Review: Meanwell HRP-600 Series


100 MW
Feb 3, 2010
Redmond, WA-USA, Earth, Sol, Orion–Cygnus Arm, Mil

There is a storied reason why I bought two units in this series; I’ll let the related ES thread handle that part and keep this review focused on compare & contrast with the Meanwell S-350 series – being the only other CC PSU in my charging assembly.

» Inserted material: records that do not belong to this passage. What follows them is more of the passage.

(* Let $V:[0,\infty)\to\mathbb{R}$ be càdlàg with finite variation on compact intervals, let $f:\mathbb{R}\to\mathbb{R}$ be of class $\mathcal{C}^1$, and let $t>0$. Then $\ell^x(t)$ is well defined (finite) for every simple level $x$, hence for Lebesgue-almost every $x$. The function $x\mapsto\ell^x(t)$ is measurable, $x\mapsto f'(x)\ell^x(t)$ is Lebesgue integrable, and $$f(V(t))-f(V(0))=\int_{\mathbb{R}} f'(x)\,\ell^x(t)\,{\rm d}x+\sum_{0<s\le t}\big(f(V(s))-f(V(s-))\big).$$
   Context: $V(s-)$ is the left limit and $\Delta V(s)=V(s)-V(s-)$. A level $x\in\mathbb{R}$ is simple for $V$ if two conditions hold. First, the set $\{t>0: V(t-)<x<V(t)\text{ or }V(t)<x<V(t-)\text{ or }V(t)=x\}$ is discrete. Second, there is no $t>0$ with $\Delta V(t)\ne0$ and $x\in\{V(t),V(t-)\}$. Non-simple levels form a Lebesgue-null set. We write $t\in\mathcal{I}(x)$ (i.e. $V$ increases through level $x$ at time $t$) if two conditions hold. First, $V(t)=x$ and $V$ is continuous at $t$. Second, there is $\delta>0$ such that for all $s\ge0$ with $0<|s-t|<\delta$, $V(s)-V(t)$ has the same strict sign as $s-t$. We write $t\in\mathcal{D}(x)$ (i.e. $V$ decreases through level $x$ at time $t$) if $-V$ increases through $-x$ at time $t$. Finally $\ell^x(t)=\mathrm{Card}((0,t]\cap\mathcal{I}(x))-\mathrm{Card}((0,t]\cap\mathcal{D}(x))$. *)

theory Defs
  imports "HOL-Analysis.Analysis"
begin
(* Let $\mathbf u$ be an infinite word over a finite alphabet whose language is closed under reversal. The following are equivalent: (1) the defect $D(\mathbf u)$ is finite; (2) there exists an integer $H$ such that for every prefix $w$ of $\mathbf u$ with $|w|\ge H$, the longest palindromic suffix of $w$ occurs in $w$ exactly once.
   Context: For a finite word $w=w_0\cdots w_{n-1}$ its reversal is $\overline{w}=w_{n-1}\cdots w_0$; $w$ is a palindrome if $w=\overline{w}$ (the empty word is a palindrome). The language of $\mathbf u$ is closed under reversal if every factor's reversal is also a factor. The defect of a finite word $w$ is $D(w)=|w|+1-(\text{number of distinct palindromic factors of } w, \text{ including the empty word})$. The defect of an infinite word is $D(\mathbf u)=\sup\{D(w): w \text{ a prefix of } \mathbf u\}$ (possibly $+\infty$). *)

theory Defs
  imports Main "HOL-Library.Sublist" "HOL-Library.Extended_Nat"
begin

definition palindrome :: "'a list \<Rightarrow> bool" where
  "palindrome w \<longleftrightarrow> rev w = w"

definition factor_of :: "'a list \<Rightarrow> (nat \<Rightarrow> 'a) \<Rightarrow> bool" where
  "factor_of w u \<longleftrightarrow> (\<exists>i. w = map u [i..<i + length w])"

definition closed_under_reversal :: "(nat \<Rightarrow> 'a) \<Rightarrow> bool" where
  "closed_under_reversal u \<longleftrightarrow> (\<forall>w. factor_of w u \<longrightarrow> factor_of (rev w) u)"

definition pref :: "(nat \<Rightarrow> 'a) \<Rightarrow> nat \<Rightarrow> 'a list" where
  "pref u n = map u [0..<n]"

text \<open>Palindromic factors of a finite word (contiguous factors, including the empty word).\<close>
definition pal_factors :: "'a list \<Rightarrow> 'a list set" where
  "pal_factors w = {p. sublist p w \<and> palindrome p}"

definition defect :: "'a list \<Rightarrow> nat" where
  "defect w = length w + 1 - card (pal_factors w)"

definition defect_inf :: "(nat \<Rightarrow> 'a) \<Rightarrow> enat" where
  "defect_inf u = (SUP n. enat (defect (pref u n)))"

definition lps :: "'a list \<Rightarrow> 'a list" where
  "lps w = drop (LEAST k. palindrome (drop k w)) w"

definition occ :: "'a list \<Rightarrow> 'a list \<Rightarrow> nat" where
  "occ p w = card {i. i + length p \<le> length w \<and> take (length p) (drop i w) = p}"

end

theory Submission
  imports Defs
begin

text \<open>Appending a letter to a finite word creates at most one new palindromic factor, namely
  the longest palindromic suffix: any shorter palindromic suffix is also a prefix of that
  palindrome, hence already occurs earlier. So the new word gains a palindrome exactly when its
  longest palindromic suffix is unioccurrent, and otherwise its defect grows by one. The defects
  of the prefixes of \<open>u\<close> thus form a non-decreasing sequence with unit jumps precisely at the
  prefixes whose longest palindromic suffix is not unioccurrent; such a sequence is bounded iff
  the jumps eventually stop.\<close>

lemma finite_pal_factors: "finite (pal_factors w)"
  by (rule finite_subset[of _ "set (sublists w)"]) (auto simp: pal_factors_def)

lemma pal_factors_Nil: "pal_factors [] = {[]}"
  by (auto simp: pal_factors_def palindrome_def)

lemma palindrome_lps: "palindrome (lps w)"
  unfolding lps_def by (rule LeastI[of _ "length w"]) (simp add: palindrome_def)

lemma suffix_lps: "suffix (lps w) w"
  unfolding lps_def by (rule suffix_drop)

lemma length_le_lps:
  assumes "suffix s w" "palindrome s"
  shows "length s \<le> length (lps w)"
proof -
  obtain x where w: "w = x @ s" using assms(1) by (auto simp: suffix_def)
  have "(LEAST k. palindrome (drop k w)) \<le> length x"
    using assms(2) w by (intro Least_le) simp
  then show ?thesis unfolding lps_def using w by simp
qed

lemma sublist_if_palindromic_suffix_neq_lps:
  assumes "suffix s (w @ [a])" "palindrome s" "s \<noteq> lps (w @ [a])"
  shows "sublist s w"
proof -
  let ?p = "lps (w @ [a])"
  have "suffix s ?p"
    using suffix_length_suffix[OF assms(1) suffix_lps] length_le_lps[OF assms(1,2)] .
  then obtain t where pt: "?p = t @ s" by (auto simp: suffix_def)
  with assms(3) have "rev t \<noteq> []" by auto
  then obtain t' b where t': "rev t = t' @ [b]" by (metis rev_exhaust)
  \<comment> \<open>reversing the palindrome \<open>t @ s\<close> exhibits \<open>s\<close> as a proper prefix of it\<close>
  have "?p = s @ rev t"
    using pt palindrome_lps[of "w @ [a]"] assms(2) by (metis palindrome_def rev_append)
  moreover obtain x where "w @ [a] = x @ ?p" using suffix_lps by (metis suffix_def)
  ultimately have "w = x @ s @ t'" using t' by simp
  then show ?thesis unfolding sublist_def by blast
qed

lemma pal_factors_snoc:
  "pal_factors (w @ [a]) = insert (lps (w @ [a])) (pal_factors w)"
proof (intro set_eqI iffI)
  fix q assume "q \<in> pal_factors (w @ [a])"
  then have "suffix q (w @ [a]) \<or> sublist q w" and "palindrome q"
    by (auto simp: pal_factors_def sublist_snoc)
  then have "q = lps (w @ [a]) \<or> sublist q w"
    using sublist_if_palindromic_suffix_neq_lps[of q w a] by blast
  then show "q \<in> insert (lps (w @ [a])) (pal_factors w)"
    using \<open>palindrome q\<close> by (auto simp: pal_factors_def)
next
  fix q assume "q \<in> insert (lps (w @ [a])) (pal_factors w)"
  then show "q \<in> pal_factors (w @ [a])"
    using palindrome_lps[of "w @ [a]"] suffix_imp_sublist[OF suffix_lps[of "w @ [a]"]]
    by (auto simp: pal_factors_def sublist_snoc)
qed

lemma card_pal_factors_le: "card (pal_factors w) \<le> length w + 1"
  by (induction w rule: rev_induct)
    (auto simp: pal_factors_Nil pal_factors_snoc card_insert_if finite_pal_factors)

lemma occ_pos_iff_sublist: "0 < occ p w \<longleftrightarrow> sublist p w"
proof -
  have "finite {i. i + length p \<le> length w \<and> take (length p) (drop i w) = p}"
    by (rule finite_subset[of _ "{..length w}"]) auto
  then have "0 < occ p w \<longleftrightarrow> (\<exists>i. i + length p \<le> length w \<and> take (length p) (drop i w) = p)"
    unfolding occ_def by (simp add: card_gt_0_iff)
  also have "\<dots> \<longleftrightarrow> sublist p w"
  proof
    assume "\<exists>i. i + length p \<le> length w \<and> take (length p) (drop i w) = p"
    then obtain i where "take (length p) (drop i w) = p" by blast
    then have "w = take i w @ p @ drop (length p) (drop i w)"
      by (metis append_take_drop_id)
    then show "sublist p w" unfolding sublist_def by blast
  next
    assume "sublist p w"
    then obtain ps ss where "w = ps @ p @ ss" by (auto simp: sublist_def)
    then show "\<exists>i. i + length p \<le> length w \<and> take (length p) (drop i w) = p"
      by (intro exI[of _ "length ps"]) simp
  qed
  finally show ?thesis .
qed

lemma occ_snoc_if_suffix:
  assumes "suffix p (w @ [a])"
  shows "occ p (w @ [a]) = Suc (occ p w)"
proof -
  let ?S = "{i. i + length p \<le> length w \<and> take (length p) (drop i w) = p}"
  let ?j = "Suc (length w) - length p"
  obtain x where wx: "w @ [a] = x @ p" using assms by (auto simp: suffix_def)
  then have j: "?j = length x" and lp: "length p \<le> Suc (length w)"
    by (metis diff_add_inverse2 length_append length_append_singleton, metis le_add2 length_append
        length_append_singleton)
  have "{i. i + length p \<le> length (w @ [a]) \<and> take (length p) (drop i (w @ [a])) = p}
      = insert ?j ?S"
  proof (intro set_eqI iffI)
    fix i
    assume i: "i \<in> {i. i + length p \<le> length (w @ [a]) \<and> take (length p) (drop i (w @ [a])) = p}"
    show "i \<in> insert ?j ?S"
    proof (cases "i + length p \<le> length w")
      case True
      then show ?thesis using i by simp
    next
      case False
      then have "i + length p = Suc (length w)" using i by simp
      then show ?thesis by simp
    qed
  next
    fix i assume "i \<in> insert ?j ?S"
    then show "i \<in> {i. i + length p \<le> length (w @ [a]) \<and> take (length p) (drop i (w @ [a])) = p}"
    proof
      assume "i = ?j"
      then show ?thesis using j wx lp by (simp del: append_assoc)
    qed simp
  qed
  moreover have "?j \<notin> ?S" using lp by simp
  moreover have "finite ?S" by (rule finite_subset[of _ "{..length w}"]) auto
  ultimately show ?thesis unfolding occ_def by simp
qed

lemma occ_lps_snoc_eq_1_iff:
  "occ (lps (w @ [a])) (w @ [a]) = 1 \<longleftrightarrow> \<not> sublist (lps (w @ [a])) w"
  using occ_pos_iff_sublist[of "lps (w @ [a])" w] occ_snoc_if_suffix[OF suffix_lps[of "w @ [a]"]]
  by auto

lemma defect_snoc:
  "defect (w @ [a]) = defect w + (if occ (lps (w @ [a])) (w @ [a]) = 1 then 0 else 1)"
proof -
  have "lps (w @ [a]) \<in> pal_factors w \<longleftrightarrow> occ (lps (w @ [a])) (w @ [a]) \<noteq> 1"
    using occ_lps_snoc_eq_1_iff[of w a] palindrome_lps by (auto simp: pal_factors_def)
  then show ?thesis
    using card_pal_factors_le[of w] unfolding defect_def pal_factors_snoc
    by (simp add: card_insert_if finite_pal_factors)
qed

lemma bounded_iff_eventually_no_increment:
  fixes f :: "nat \<Rightarrow> nat"
  assumes f_Suc: "\<And>n. f (Suc n) = f n + (if P (Suc n) then 0 else 1)"
  shows "(\<exists>B. \<forall>n. f n \<le> B) \<longleftrightarrow> (\<exists>H. \<forall>n\<ge>H. P n)"
proof
  have mono: "incseq f" by (rule incseq_SucI) (simp add: f_Suc)
  assume "\<exists>B. \<forall>n. f n \<le> B"
  then obtain B where B: "\<And>n. f n \<le> B" by blast
  show "\<exists>H. \<forall>n\<ge>H. P n"
  proof (rule ccontr)
    assume "\<not> (\<exists>H. \<forall>n\<ge>H. P n)"
    then have jumps: "\<And>H. \<exists>n. H < n \<and> \<not> P n" by (meson Suc_le_lessD)
    have "\<exists>n. m \<le> f n" for m
    proof (induction m)
      case (Suc m)
      then obtain k where k: "m \<le> f k" by blast
      obtain n where "k < n" "\<not> P n" using jumps by blast
      then obtain n' where "n = Suc n'" "k \<le> n'" by (cases n) auto
      with \<open>\<not> P n\<close> have "f n = f n' + 1" using f_Suc by simp
      moreover have "f k \<le> f n'" using mono \<open>k \<le> n'\<close> by (simp add: incseq_def)
      ultimately show ?case using k by (intro exI[of _ n]) simp
    qed simp
    then show False using B by (meson not_less_eq_eq)
  qed
next
  assume "\<exists>H. \<forall>n\<ge>H. P n"
  then obtain H where H: "\<And>n. H \<le> n \<Longrightarrow> P n" by blast
  have "f n \<le> f H" for n
  proof (cases "H \<le> n")
    case True
    then show ?thesis
      by (induction n rule: dec_induct) (simp_all add: f_Suc H)
  next
    case False
    then show ?thesis using incseq_SucI[of f] f_Suc by (simp add: incseq_def)
  qed
  then show "\<exists>B. \<forall>n. f n \<le> B" by blast
qed

lemma SUP_enat_neq_infinity_iff:
  "(SUP n. enat (f n)) \<noteq> \<infinity> \<longleftrightarrow> (\<exists>B. \<forall>n. f n \<le> B)"
proof
  assume "(SUP n. enat (f n)) \<noteq> \<infinity>"
  then obtain B where "(SUP n. enat (f n)) = enat B" by auto
  then have "enat (f n) \<le> enat B" for n by (metis SUP_upper UNIV_I)
  then show "\<exists>B. \<forall>n. f n \<le> B" by auto
next
  assume "\<exists>B. \<forall>n. f n \<le> B"
  then obtain B where "\<And>n. f n \<le> B" by blast
  then have "(SUP n. enat (f n)) \<le> enat B" by (intro SUP_least) simp
  then show "(SUP n. enat (f n)) \<noteq> \<infinity>" by (metis infinity_ileE)
qed

theorem corollary3:
  fixes u :: "nat \<Rightarrow> 'a::finite"
  assumes "closed_under_reversal u"
  shows "defect_inf u \<noteq> \<infinity> \<longleftrightarrow>
         (\<exists>H::nat. \<forall>n\<ge>H. occ (lps (pref u n)) (pref u n) = 1)"
proof -
  have "pref u (Suc n) = pref u n @ [u n]" for n by (simp add: pref_def)
  then have "defect (pref u (Suc n)) = defect (pref u n) +
      (if occ (lps (pref u (Suc n))) (pref u (Suc n)) = 1 then 0 else 1)" for n
    by (simp only: defect_snoc)
  then show ?thesis
    unfolding defect_inf_def SUP_enat_neq_infinity_iff
    by (rule bounded_iff_eventually_no_increment)
qed

end
lemma sparse_gap_lower:
  assumes \<beta>: "supp \<beta> \<subseteq> F" and \<beta>bar: "supp \<beta>bar \<subseteq> Fb" and card: "card F + card Fb \<le> s"
    and grad_bar: "\<forall>j\<in>Fb. G \<beta>bar $ j = 0"
    and small: "\<forall>j\<in>F - Fb. \<bar>G \<beta>bar $ j\<bar> \<le> \<rho>m s / 2 * \<bar>\<beta> $ j\<bar>"
  shows "\<rho>m s / 2 * (\<Sum>j\<in>Fb - F. (\<beta>bar $ j)\<^sup>2) \<le> Q \<beta> - Q \<beta>bar"
proof -
  define d where "d = \<beta> - \<beta>bar"
  define x2 where "x2 = (\<Sum>j\<in>F - Fb. (\<beta> $ j)\<^sup>2)"
  define w2 where "w2 = (\<Sum>j\<in>Fb - F. (\<beta>bar $ j)\<^sup>2)"
  have "norm0 d \<le> card (F \<union> Fb)"
    using supp_diff_subset[of \<beta> \<beta>bar] \<beta> \<beta>bar unfolding d_def by (intro norm0_le_card) blast
  also have "\<dots> \<le> s" using card card_Un_le[of F Fb] by linarith
  finally have lower: "\<rho>m s / 2 * (norm d)\<^sup>2 \<le> Q \<beta> - Q \<beta>bar - G \<beta>bar \<bullet> d"
    using rsc_lower unfolding d_def by blast
  have zero: "\<And>j. j \<notin> F \<Longrightarrow> \<beta> $ j = 0" "\<And>j. j \<notin> Fb \<Longrightarrow> \<beta>bar $ j = 0"
    using \<beta> \<beta>bar by (auto simp: supp_def)
  have "x2 = (\<Sum>j\<in>F - Fb. (d $ j)\<^sup>2)"
    unfolding x2_def d_def by (intro sum.cong) (auto simp: zero)
  moreover have "w2 = (\<Sum>j\<in>Fb - F. (d $ j)\<^sup>2)"
    unfolding w2_def d_def by (intro sum.cong) (auto simp: zero power2_commute)
  ultimately have "x2 + w2 = (\<Sum>j\<in>(F - Fb) \<union> (Fb - F). (d $ j)\<^sup>2)"
    by (subst sum.union_disjoint) auto
  also have "\<dots> \<le> (norm d)\<^sup>2" by (rule sum_coords_sq_le_norm_sq)
  finally have norm_d: "x2 + w2 \<le> (norm d)\<^sup>2" .
  have "- (\<rho>m s / 2 * x2) = (\<Sum>j\<in>UNIV. if j \<in> F - Fb then - (\<rho>m s / 2 * (\<beta> $ j)\<^sup>2) else 0)"
    unfolding x2_def by (simp add: sum.If_cases sum_negf sum_distrib_left set_diff_eq)
  also have "\<dots> \<le> (\<Sum>j\<in>UNIV. G \<beta>bar $ j * d $ j)"
  proof (rule sum_mono)
    fix j
    show "(if j \<in> F - Fb then - (\<rho>m s / 2 * (\<beta> $ j)\<^sup>2) else 0) \<le> G \<beta>bar $ j * d $ j"
    proof (cases "j \<in> F - Fb")
      case True
      have "- (G \<beta>bar $ j * \<beta> $ j) \<le> \<bar>G \<beta>bar $ j\<bar> * \<bar>\<beta> $ j\<bar>"
        by (metis abs_ge_minus_self abs_mult)
      also have "\<dots> \<le> \<rho>m s / 2 * \<bar>\<beta> $ j\<bar> * \<bar>\<beta> $ j\<bar>"
        using small True by (intro mult_right_mono) auto
      finally show ?thesis using True zero by (simp add: d_def power2_eq_square abs_mult_self_eq)
    qed (use grad_bar zero in \<open>cases "j \<in> Fb"; auto simp: d_def\<close>)
  qed
  also have "\<dots> = G \<beta>bar \<bullet> d" by (simp add: inner_vec_def)
  finally have "- (\<rho>m s / 2 * x2) \<le> G \<beta>bar \<bullet> d" .
  moreover have "\<rho>m s / 2 * (x2 + w2) \<le> \<rho>m s / 2 * (norm d)\<^sup>2"
    using norm_d rho_pos by (intro mult_left_mono) auto
  ultimately show ?thesis using lower unfolding w2_def by (simp add: algebra_simps)
qed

Two units were bought; I fetched a 24V and a 48V unit which are connected in series for 63.3VDC supply. There is not a 27V model offered. My past charging assembly (SP-320-48 & SP-350-27) had a range of 63-84V which is great for 15S to 20S LiPo packs. The HRP units in series have a range of 59.7V to 88.69 which I think more than covers my retired charging assembly. I say retired because I am completely astounded and satisfied by the performance of this purchase! :D

This is the genuine article, the real deal, well-boxed, and externally appears smartly assembled. I did not take the cover off to inspect the circuitry as there was no need (more about that below). Compared to the Meanwell S-350 series, the HRP is the same length, although from there the similarities end. The HRP units are more narrow and more tall ever so slightly. They also weigh about 25% more. AC line power connections are in the front of the unit, and the output and controlling features are in the rear.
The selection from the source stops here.